* WHAT IS EXPECTED
Produce the records again in full, exactly as shown below.

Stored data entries
====
(* Let $\Omega\subset\mathbb{R}^n$ be a bounded, connected open set with $C^1$ boundary, let $\varphi\in\Phi_w(\Omega)$ satisfy (A0), let $\alpha=(\alpha_1,\alpha_2)\in\mathbb{R}^+\times\mathbb{R}^+$ and let $1<p\le\frac{n}{n-1}$. Let $H$ be a Hilbert space, let $K:L^p(\Omega)\to H$ be a bounded linear operator injective on the space $\mathcal{P}^1(\Omega)$ of affine functions, and let $(f_k)_k\subset H$ with $f_k\to f$ strongly in $H$. Define, for $u\in L^p(\Omega)$, $$\mathcal{F}_k(u):=\frac12\|Ku-f_k\|_H+TGV^{\varphi,2}_\alpha(u),\qquad \mathcal{F}_0(u):=\frac12\|Ku-f\|_H+TGV^{\varphi,2}_\alpha(u).$$ Then $(\mathcal{F}_k)_k$ $\Gamma$-converges to $\mathcal{F}_0$ with respect to the weak topology of $L^p(\Omega)$.
   Context: $\varphi\in\Phi_w(\Omega)$ means $\varphi:\Omega\times[0,\infty)\to[0,\infty]$ with: $x\mapsto\varphi(x,|f(x)|)$ measurable for every measurable $f$; $t\mapsto\varphi(x,t)$ non-decreasing; $\varphi(x,0)=\lim_{t\to0^+}\varphi(x,t)=0$, $\lim_{t\to\infty}\varphi(x,t)=\infty$ for every $x$; there is $L\ge1$ independent of $x$ with $\varphi(x,s)/s\le L\varphi(x,t)/t$ for $0<s\le t$. (A0): there is $\beta\in(0,1]$ with $\varphi(x,\beta)\le1\le\varphi(x,1/\beta)$ for all $x$. Conjugate $\varphi^*(x,t)=\sup_{s\ge0}(st-\varphi(x,s))$; $\|f\|_{\varphi^*}=\inf\{\lambda>0:\int_\Omega\varphi^*(x,|f|/\lambda)dx\le1\}$ ($|\cdot|$ Euclidean/Frobenius norm). $TGV^{\varphi,2}_\alpha(u)=\sup\{\int_\Omega u\,\mathrm{div}^2\psi\,dx:\psi\in C^2_c(\Omega;\mathbb{R}^{n\times n}_{\rm sym}),\|\psi\|_{\varphi^*}\le\alpha_1,\|\mathrm{div}\,\psi\|_{\varphi^*}\le\alpha_2\}$, with $(\mathrm{div}\,\psi)_i=\sum_j\partial_j\psi_{ij}$, $\mathrm{div}^2\psi=\sum_i\partial_{ii}\psi_{ii}+2\sum_{i<j}\partial_{ij}\psi_{ij}$. *)

theory Defs
  imports "HOL-Analysis.Analysis" "HOL-Probability.Probability"
begin

text \<open>Omega has C^1 boundary: near every boundary point x0, after choosing a unit
  normal direction e, Omega is the (strict) epigraph over the hyperplane orthogonal to e
  of a continuously differentiable function gamma.\<close>
definition C1_boundary :: "(real^'n::finite) set \<Rightarrow> bool" where
  "C1_boundary \<Omega> \<longleftrightarrow>
     (\<forall>x0\<in>frontier \<Omega>. \<exists>r>0. \<exists>e::real^'n. \<exists>\<gamma>::real^'n \<Rightarrow> real. \<exists>g::real^'n \<Rightarrow> real^'n.
        norm e = 1 \<and>
        (\<forall>x. (\<gamma> has_derivative (\<lambda>h. g x \<bullet> h)) (at x)) \<and> continuous_on UNIV g \<and>
        \<Omega> \<inter> ball x0 r = {x \<in> ball x0 r. x \<bullet> e > \<gamma> (x - (x \<bullet> e) *\<^sub>R e)})"

definition Phi_w :: "(real^'n::finite) set \<Rightarrow> (real^'n \<Rightarrow> real \<Rightarrow> ereal) \<Rightarrow> bool" where
  "Phi_w \<Omega> \<phi> \<longleftrightarrow>
     (\<forall>f \<in> borel_measurable (lebesgue_on \<Omega>).
         (\<lambda>x. \<phi> x \<bar>f x\<bar>) \<in> borel_measurable (lebesgue_on \<Omega>)) \<and>
     (\<forall>x\<in>\<Omega>. \<forall>t\<ge>0. \<phi> x t \<ge> 0) \<and>
     (\<forall>x\<in>\<Omega>. \<forall>s t. 0 \<le> s \<and> s \<le> t \<longrightarrow> \<phi> x s \<le> \<phi> x t) \<and>
     (\<forall>x\<in>\<Omega>. \<phi> x 0 = 0 \<and> ((\<lambda>t. \<phi> x t) \<longlongrightarrow> 0) (at_right 0)) \<and>
     (\<forall>x\<in>\<Omega>. ((\<lambda>t. \<phi> x t) \<longlongrightarrow> \<infinity>) at_top) \<and>
     (\<exists>L\<ge>1. \<forall>x\<in>\<Omega>. \<forall>s t. 0 < s \<and> s \<le> t \<longrightarrow>
         \<phi> x s / ereal s \<le> ereal L * (\<phi> x t / ereal t))"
====
* TASK SOLUTION
(* Let $\Omega\subset\mathbb{R}^n$ be a bounded, connected open set with $C^1$ boundary, let $\varphi\in\Phi_w(\Omega)$ satisfy (A0), let $\alpha=(\alpha_1,\alpha_2)\in\mathbb{R}^+\times\mathbb{R}^+$ and let $1<p\le\frac{n}{n-1}$. Let $H$ be a Hilbert space, let $K:L^p(\Omega)\to H$ be a bounded linear operator injective on the space $\mathcal{P}^1(\Omega)$ of affine functions, and let $(f_k)_k\subset H$ with $f_k\to f$ strongly in $H$. Define, for $u\in L^p(\Omega)$, $$\mathcal{F}_k(u):=\frac12\|Ku-f_k\|_H+TGV^{\varphi,2}_\alpha(u),\qquad \mathcal{F}_0(u):=\frac12\|Ku-f\|_H+TGV^{\varphi,2}_\alpha(u).$$ Then $(\mathcal{F}_k)_k$ $\Gamma$-converges to $\mathcal{F}_0$ with respect to the weak topology of $L^p(\Omega)$.
   Context: $\varphi\in\Phi_w(\Omega)$ means $\varphi:\Omega\times[0,\infty)\to[0,\infty]$ with: $x\mapsto\varphi(x,|f(x)|)$ measurable for every measurable $f$; $t\mapsto\varphi(x,t)$ non-decreasing; $\varphi(x,0)=\lim_{t\to0^+}\varphi(x,t)=0$, $\lim_{t\to\infty}\varphi(x,t)=\infty$ for every $x$; there is $L\ge1$ independent of $x$ with $\varphi(x,s)/s\le L\varphi(x,t)/t$ for $0<s\le t$. (A0): there is $\beta\in(0,1]$ with $\varphi(x,\beta)\le1\le\varphi(x,1/\beta)$ for all $x$. Conjugate $\varphi^*(x,t)=\sup_{s\ge0}(st-\varphi(x,s))$; $\|f\|_{\varphi^*}=\inf\{\lambda>0:\int_\Omega\varphi^*(x,|f|/\lambda)dx\le1\}$ ($|\cdot|$ Euclidean/Frobenius norm). $TGV^{\varphi,2}_\alpha(u)=\sup\{\int_\Omega u\,\mathrm{div}^2\psi\,dx:\psi\in C^2_c(\Omega;\mathbb{R}^{n\times n}_{\rm sym}),\|\psi\|_{\varphi^*}\le\alpha_1,\|\mathrm{div}\,\psi\|_{\varphi^*}\le\alpha_2\}$, with $(\mathrm{div}\,\psi)_i=\sum_j\partial_j\psi_{ij}$, $\mathrm{div}^2\psi=\sum_i\partial_{ii}\psi_{ii}+2\sum_{i<j}\partial_{ij}\psi_{ij}$. *)

theory Defs
  imports "HOL-Analysis.Analysis" "HOL-Probability.Probability"
begin

text \<open>Omega has C^1 boundary: near every boundary point x0, after choosing a unit
  normal direction e, Omega is the (strict) epigraph over the hyperplane orthogonal to e
  of a continuously differentiable function gamma.\<close>
definition C1_boundary :: "(real^'n::finite) set \<Rightarrow> bool" where
  "C1_boundary \<Omega> \<longleftrightarrow>
     (\<forall>x0\<in>frontier \<Omega>. \<exists>r>0. \<exists>e::real^'n. \<exists>\<gamma>::real^'n \<Rightarrow> real. \<exists>g::real^'n \<Rightarrow> real^'n.
        norm e = 1 \<and>
        (\<forall>x. (\<gamma> has_derivative (\<lambda>h. g x \<bullet> h)) (at x)) \<and> continuous_on UNIV g \<and>
        \<Omega> \<inter> ball x0 r = {x \<in> ball x0 r. x \<bullet> e > \<gamma> (x - (x \<bullet> e) *\<^sub>R e)})"

definition Phi_w :: "(real^'n::finite) set \<Rightarrow> (real^'n \<Rightarrow> real \<Rightarrow> ereal) \<Rightarrow> bool" where
  "Phi_w \<Omega> \<phi> \<longleftrightarrow>
     (\<forall>f \<in> borel_measurable (lebesgue_on \<Omega>).
         (\<lambda>x. \<phi> x \<bar>f x\<bar>) \<in> borel_measurable (lebesgue_on \<Omega>)) \<and>
     (\<forall>x\<in>\<Omega>. \<forall>t\<ge>0. \<phi> x t \<ge> 0) \<and>
     (\<forall>x\<in>\<Omega>. \<forall>s t. 0 \<le> s \<and> s \<le> t \<longrightarrow> \<phi> x s \<le> \<phi> x t) \<and>
     (\<forall>x\<in>\<Omega>. \<phi> x 0 = 0 \<and> ((\<lambda>t. \<phi> x t) \<longlongrightarrow> 0) (at_right 0)) \<and>
     (\<forall>x\<in>\<Omega>. ((\<lambda>t. \<phi> x t) \<longlongrightarrow> \<infinity>) at_top) \<and>
     (\<exists>L\<ge>1. \<forall>x\<in>\<Omega>. \<forall>s t. 0 < s \<and> s \<le> t \<longrightarrow>
         \<phi> x s / ereal s \<le> ereal L * (\<phi> x t / ereal t))"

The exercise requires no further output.